A New Twist in the Same Sex Marriage Debate

CAMBRIDGE, Mass. --Attorney General Martha Coakley on Friday warned that a proposed state constitutional referendum seeking to ban gay marriage may be unconstitutional and may trigger protracted litigation if voters endorse the change in the nation's oldest state constitution.

Coakley, in remarks prepared for delivery to the Massachusetts Lesbian and Gay Bar Association, urged the group to press legislators to keep the question off the 2008 ballot. But if the lawmakers reject their calls, the state's chief law enforcement official said she would support those challenging the change.

Coakley addressed the group a day after Gov. Deval Patrick said he was actively lobbying legislators to kill the proposed amendment before it is put on the 2008 ballot.

Lawmakers on Wednesday postponed a vote until at least June 14 after a joint session of the House and Senate convened and quickly recessed without the vote.

Before it can reach the ballot, the proposed amendment needs the backing of a quarter of the state's legislators -- 50 lawmakers -- in two successive sittings of the Legislature. It won approval in the previous Legislature in January, on the final day of the session.

Coakley said that even though the Supreme Judicial Court ruled last July that the proposed amendment could be placed on the ballot if approved by the Legislature, at least two justices also questioned whether the amendment is constitutional.

She quoted a joint court opinion by Justices John Greaney and Roderick Ireland saying the 2003 SJC decision that legalized same-sex marriage "may be irreversible because of its holding that no rational basis exist, or can be advanced, to support the definition of marriage" as only between a man and a woman.
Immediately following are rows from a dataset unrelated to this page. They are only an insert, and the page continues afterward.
(* Let $\bar\alpha\in[0,1]$ and $n\ge1$. The minimum of $C(\boldsymbol{\alpha})$ over all $\boldsymbol{\alpha}\in[0,1]^n$ satisfying $G(\boldsymbol{\alpha})=0$ is attained at $\boldsymbol{\alpha}_*=(\bar\alpha,\bar\alpha,\dots,\bar\alpha)$, and the minimum value is $C(\boldsymbol{\alpha}_* )=n\,c(\bar\alpha)$; that is, $C(\boldsymbol{\alpha})\ge n\,c(\bar\alpha)$ for every $\boldsymbol{\alpha}\in[0,1]^n$ with $G(\boldsymbol{\alpha})=0$.
   Context: Model of a road with $n\ge1$ parallel lanes of common length $d>0$. Vehicles have length $L>0$. A vehicle keeps a headway (space gap) $\bar h$ to the vehicle in front of it if both it and the vehicle in front are autonomous, and headway $h$ otherwise, where $0\le \bar h<h$. Vehicle types within a lane are i.i.d. Bernoulli: each vehicle in lane $i$ is autonomous with probability $\alpha_i\in[0,1]$ (the lane's autonomy level). Set $k_1=(L+h)/d$ and $k_2=(h-\bar h)/d$, so $k_1>k_2>0$ and $k_1-k_2=(L+\bar h)/d>0$. The capacity of a lane with autonomy level $\alpha\in[0,1]$ is $$c(\alpha)=\frac{1}{k_1-k_2\alpha^2}=\frac{d}{L+h-(h-\bar h)\alpha^2}.$$ Let $\bar\alpha\in[0,1]$ be the overall fraction of autonomous vehicles on the road. For $\boldsymbol{\alpha}=(\alpha_1,\dots,\alpha_n)\in[0,1]^n$ define $C(\boldsymbol{\alpha})=\sum_{i=1}^n c(\alpha_i)$ (total capacity) and $G(\boldsymbol{\alpha})=\sum_{i=1}^n(\alpha_i-\bar\alpha)c(\alpha_i)$; the constraint $G(\boldsymbol{\alpha})=0$ expresses that the overall autonomy level equals $\bar\alpha$. *)

theory Defs
  imports Complex_Main
begin

definition cap :: "real \<Rightarrow> real \<Rightarrow> real \<Rightarrow> real \<Rightarrow> real \<Rightarrow> real" where
  "cap d L h hbar a = d / (L + h - (h - hbar) * a\<^sup>2)"

definition totcap :: "real \<Rightarrow> real \<Rightarrow> real \<Rightarrow> real \<Rightarrow> nat \<Rightarrow> (nat \<Rightarrow> real) \<Rightarrow> real" where
  "totcap d L h hbar n al = (\<Sum>i<n. cap d L h hbar (al i))"

definition Gcon :: "real \<Rightarrow> real \<Rightarrow> real \<Rightarrow> real \<Rightarrow> nat \<Rightarrow> real \<Rightarrow> (nat \<Rightarrow> real) \<Rightarrow> real" where
  "Gcon d L h hbar n abar al = (\<Sum>i<n. (al i - abar) * cap d L h hbar (al i))"

end

theory Submission
  imports Defs
begin

text \<open>The uniform profile is a Lagrange point: with the multiplier
  \<open>\<mu> = c'(b) / c(b) = 2 (h - hbar) b / (L + h - (h - hbar) b\<^sup>2)\<close>, every lane satisfies
  \<open>c(a) - \<mu> (a - b) c(a) \<ge> c(b)\<close>, because after clearing denominators the difference is
  \<open>d (h - hbar) (a - b)\<^sup>2\<close> over a positive product. Summing over the lanes with \<open>b = abar\<close>
  gives \<open>C(\<alpha>) - \<mu> G(\<alpha>) \<ge> n c(abar)\<close>, and the constraint \<open>G(\<alpha>) = 0\<close> removes the
  multiplier term.\<close>

lemma cap_denominator_pos:
  fixes L h hbar a :: real
  assumes "L + hbar > 0" "hbar \<le> h" "0 \<le> a" "a \<le> 1"
  shows "L + h - (h - hbar) * a\<^sup>2 > 0"
proof -
  have "(h - hbar) * a\<^sup>2 \<le> h - hbar"
    using assms mult_left_mono[of "a\<^sup>2" 1 "h - hbar"] by (simp add: power_le_one)
  then show ?thesis using assms by linarith
qed

lemma cap_lagrangian_ge:
  fixes d L h hbar a b :: real
  defines "Da \<equiv> L + h - (h - hbar) * a\<^sup>2" and "Db \<equiv> L + h - (h - hbar) * b\<^sup>2"
  assumes "0 \<le> d" "hbar \<le> h" "Da > 0" "Db > 0"
  shows "cap d L h hbar b \<le> cap d L h hbar a - 2 * (h - hbar) * b / Db * ((a - b) * cap d L h hbar a)"
proof -
  have "cap d L h hbar a - 2 * (h - hbar) * b / Db * ((a - b) * cap d L h hbar a) - cap d L h hbar b
      = d * (Db - 2 * (h - hbar) * b * (a - b) - Da) / (Da * Db)"
    using assms(5,6) unfolding cap_def Da_def[symmetric] Db_def[symmetric] by (simp add: field_simps)
  also have "Db - 2 * (h - hbar) * b * (a - b) - Da = (h - hbar) * (a - b)\<^sup>2"
    by (simp add: Da_def Db_def power2_eq_square algebra_simps)
  also have "d * ((h - hbar) * (a - b)\<^sup>2) / (Da * Db) \<ge> 0"
    using assms by simp
  finally show ?thesis by simp
qed

lemma totcap_lagrangian_ge:
  fixes d L h hbar b :: real and al :: "nat \<Rightarrow> real"
  defines "\<mu> \<equiv> 2 * (h - hbar) * b / (L + h - (h - hbar) * b\<^sup>2)"
  assumes "0 \<le> d" "L + hbar > 0" "hbar \<le> h" "0 \<le> b" "b \<le> 1" "\<forall>i<n. 0 \<le> al i \<and> al i \<le> 1"
  shows "real n * cap d L h hbar b \<le> totcap d L h hbar n al - \<mu> * Gcon d L h hbar n b al"
proof -
  have "real n * cap d L h hbar b = (\<Sum>i<n. cap d L h hbar b)" by simp
  also have "\<dots> \<le> (\<Sum>i<n. cap d L h hbar (al i) - \<mu> * ((al i - b) * cap d L h hbar (al i)))"
  proof (rule sum_mono)
    fix i assume "i \<in> {..<n}"
    then show "cap d L h hbar b \<le> cap d L h hbar (al i) - \<mu> * ((al i - b) * cap d L h hbar (al i))"
      unfolding \<mu>_def using assms by (intro cap_lagrangian_ge cap_denominator_pos) auto
  qed
  also have "\<dots> = totcap d L h hbar n al - \<mu> * Gcon d L h hbar n b al"
    by (simp add: totcap_def Gcon_def sum_subtractf sum_distrib_left)
  finally show ?thesis .
qed

theorem proposition1:
  fixes d L h hbar abar :: real and n :: nat
  assumes "d > 0" and "L > 0" and "0 \<le> hbar" and "hbar < h"
    and "0 \<le> abar" and "abar \<le> 1" and "n \<ge> 1"
  shows "Gcon d L h hbar n abar (\<lambda>_. abar) = 0
    \<and> totcap d L h hbar n (\<lambda>_. abar) = real n * cap d L h hbar abar
    \<and> (\<forall>al :: nat \<Rightarrow> real. (\<forall>i<n. 0 \<le> al i \<and> al i \<le> 1)
          \<longrightarrow> Gcon d L h hbar n abar al = 0
          \<longrightarrow> totcap d L h hbar n al \<ge> real n * cap d L h hbar abar)"
proof (intro conjI allI impI)
  show "Gcon d L h hbar n abar (\<lambda>_. abar) = 0" by (simp add: Gcon_def)
  show "totcap d L h hbar n (\<lambda>_. abar) = real n * cap d L h hbar abar" by (simp add: totcap_def)
  fix al :: "nat \<Rightarrow> real"
  assume "\<forall>i<n. 0 \<le> al i \<and> al i \<le> 1" and "Gcon d L h hbar n abar al = 0"
  then show "totcap d L h hbar n al \<ge> real n * cap d L h hbar abar"
    using totcap_lagrangian_ge[of d L hbar h abar n al] assms by simp
qed

end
The opinion also noted that the amendment would discriminate against same-sex couples by removing rights they already had been granted.

Some 8,500 same-sex couples have married in Massachusetts since the state offered the first civil marriage licenses to gay couples three years ago this month, Coakley said.

"The sky has not fallen and life goes on ... the institution of marriage is alive and well" in the state, despite predictions that same-sex marriages would wreak havoc, she said.

Neither the Massachusetts nor the U.S. constitution "has ever been an instrument of discrimination and we shouldn't start now," Coakley said.

"I believe it would be a travesty to the oldest constitution in the country, a constitution anchored by John Adams and one which has such a proud tradition of championing and expanding civil rights ... to now be used to take away rights for a segment of the population," she said.

She said she expects "protracted, hard-fought litigation" challenging the constitutionality of the amendment if it were passed.

"If that battle is necessary, you have my support," Coakley said.


This is an excellent development and one to surely get a lot of discussion in the days ahead.